I'll answer in a purely selfish way... RoboRealm charges per computer (they used to allow a license to be used on 2, but not anymore). If you were going to release your plugin for free, or would have a multi-computer for one cost model (maybe based on EZ-Robot login ID to prevent abuse), then I would encourage you to continue in your efforts because I have several computers that I want to be able to use depending on where I am and how many robots I currently have running.
On a non selfish answer, if using RoboRealm makes it easier for you to achieve the goals, and allows you to move onto other functions that you have unique capabilities to deliver, then having two different applications which provide the exact same capability seems a bit silly.
Alan
I am leaning toward just building the ARC skill plugin. It will teach me a lot along the way and I am all for that.
I am going to be focusing on EZ-AI this weekend, and then on this after the plugin for EZ-AI is complete. I do like the idea of having everything work in plugins and I also like the thought of promoting EZ-Robot. I also like RoboRealm but I am not nearly as comfortable with VBScript and how RoboRealm works, so I dont know that path is the one that I want to go down first.
Interesting discussions
@OldBotBuilder: Regarding the compass, i agree i have mixed feelings, i had success with small robots and same room, indoor navigation and/or big robots (more metal, more current) is difficult to obtain reliable results. Some IMUs devices have a proprietary fusion algorithm combining gyro & compass, and the results are more stable, i have a few IMUs to try but no time yet. I use ROS for slam and navigation, there is a node which combines different IMUs plus the odometry and provides a correct/combined output.
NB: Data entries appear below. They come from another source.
lemma poly2_add_self [simp]: "(a::poly2) + a = 0"
  by (rule poly_mapping_eqI) (simp only: lookup_add bit_add_self lookup_zero)

lemma poly2_two [simp]: "(2::poly2) = 0"
  by (metis one_add_one poly2_add_self)

lemma Const_0 [simp]: "Const 0 = 0"
  by (simp add: Const_def)

lemma Const_1 [simp]: "Const 1 = 1"
  by (simp add: Const_def)

lemma Const_add: "Const (a + b) = Const a + Const b"
  by (simp add: Const_def single_add)

lemma Const_mult: "Const (a * b) = Const a * Const b"
  by (simp add: Const_def mult_single)

lemma Const_eq_iff: "Const a = Const b \<longleftrightarrow> a = b"
  by (metis Const_def lookup_single_eq)

lemma Const_eq_0_iff: "Const a = 0 \<longleftrightarrow> a = 0"
  using Const_eq_iff[of a 0] by simp

lemma update_eq_add_single:
  "k \<notin> Poly_Mapping.keys f \<Longrightarrow> Poly_Mapping.update k v f = f + Poly_Mapping.single k v"
  by (rule poly_mapping_eqI) (auto simp: lookup_update lookup_add lookup_single in_keys_iff when_def)

lemma poly_mapping_add_single_induct [case_names zero add_single]:
  assumes "P 0" and "\<And>f a b. P f \<Longrightarrow> P (f + Poly_Mapping.single a b)"
  shows "P p"
  by (induction p rule: update_induct) (auto simp: update_eq_add_single assms)

lemma Var_power: "Var i ^ n = Poly_Mapping.single (Poly_Mapping.single i n) 1"
proof (induction n)
  case (Suc n)
  have "Poly_Mapping.single i (Suc n) = Poly_Mapping.single i 1 + Poly_Mapping.single i n"
    by (simp add: single_add[symmetric])
  with Suc show ?case
    by (simp add: Var_def mult_single)
qed simp

lemma single_eq_Const_monomial:
  "Poly_Mapping.single m c
     = Const c * (Var E ^ Poly_Mapping.lookup m E * Var X ^ Poly_Mapping.lookup m X)"
proof -
  have "Poly_Mapping.single E (Poly_Mapping.lookup m E) + Poly_Mapping.single X (Poly_Mapping.lookup m X) = m"
    by (rule poly_mapping_eqI) (case_tac k, simp_all add: lookup_add lookup_single)
  then show ?thesis
    by (simp add: Var_power mult_single Const_def)
qed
@David: Regarding encoders, i agree too, is very important to have high resolution. I have 6" wheel robot with 144 CPR encoders and is not enough for PID control when driving slow speed.
What is your encoder resolution ? Is built in with the motor ?
RobotRealm, do they have SLAM/Mapping functionalities builtin ? if you can identify the missing functionalities you can challenge DJ Sures to build. if EZB is not powerful or does not provide the build blocks, is time to check the EZR roadmap otherwise you can end up overlapping efforts.
I'm also running several different PCs using EZB. The Roborealm I purchased will not allow me to upgrade to use the new Lidar module unless I shell out another $29.95, and as Alan mentioned, I can only use Roborealm on a single computer.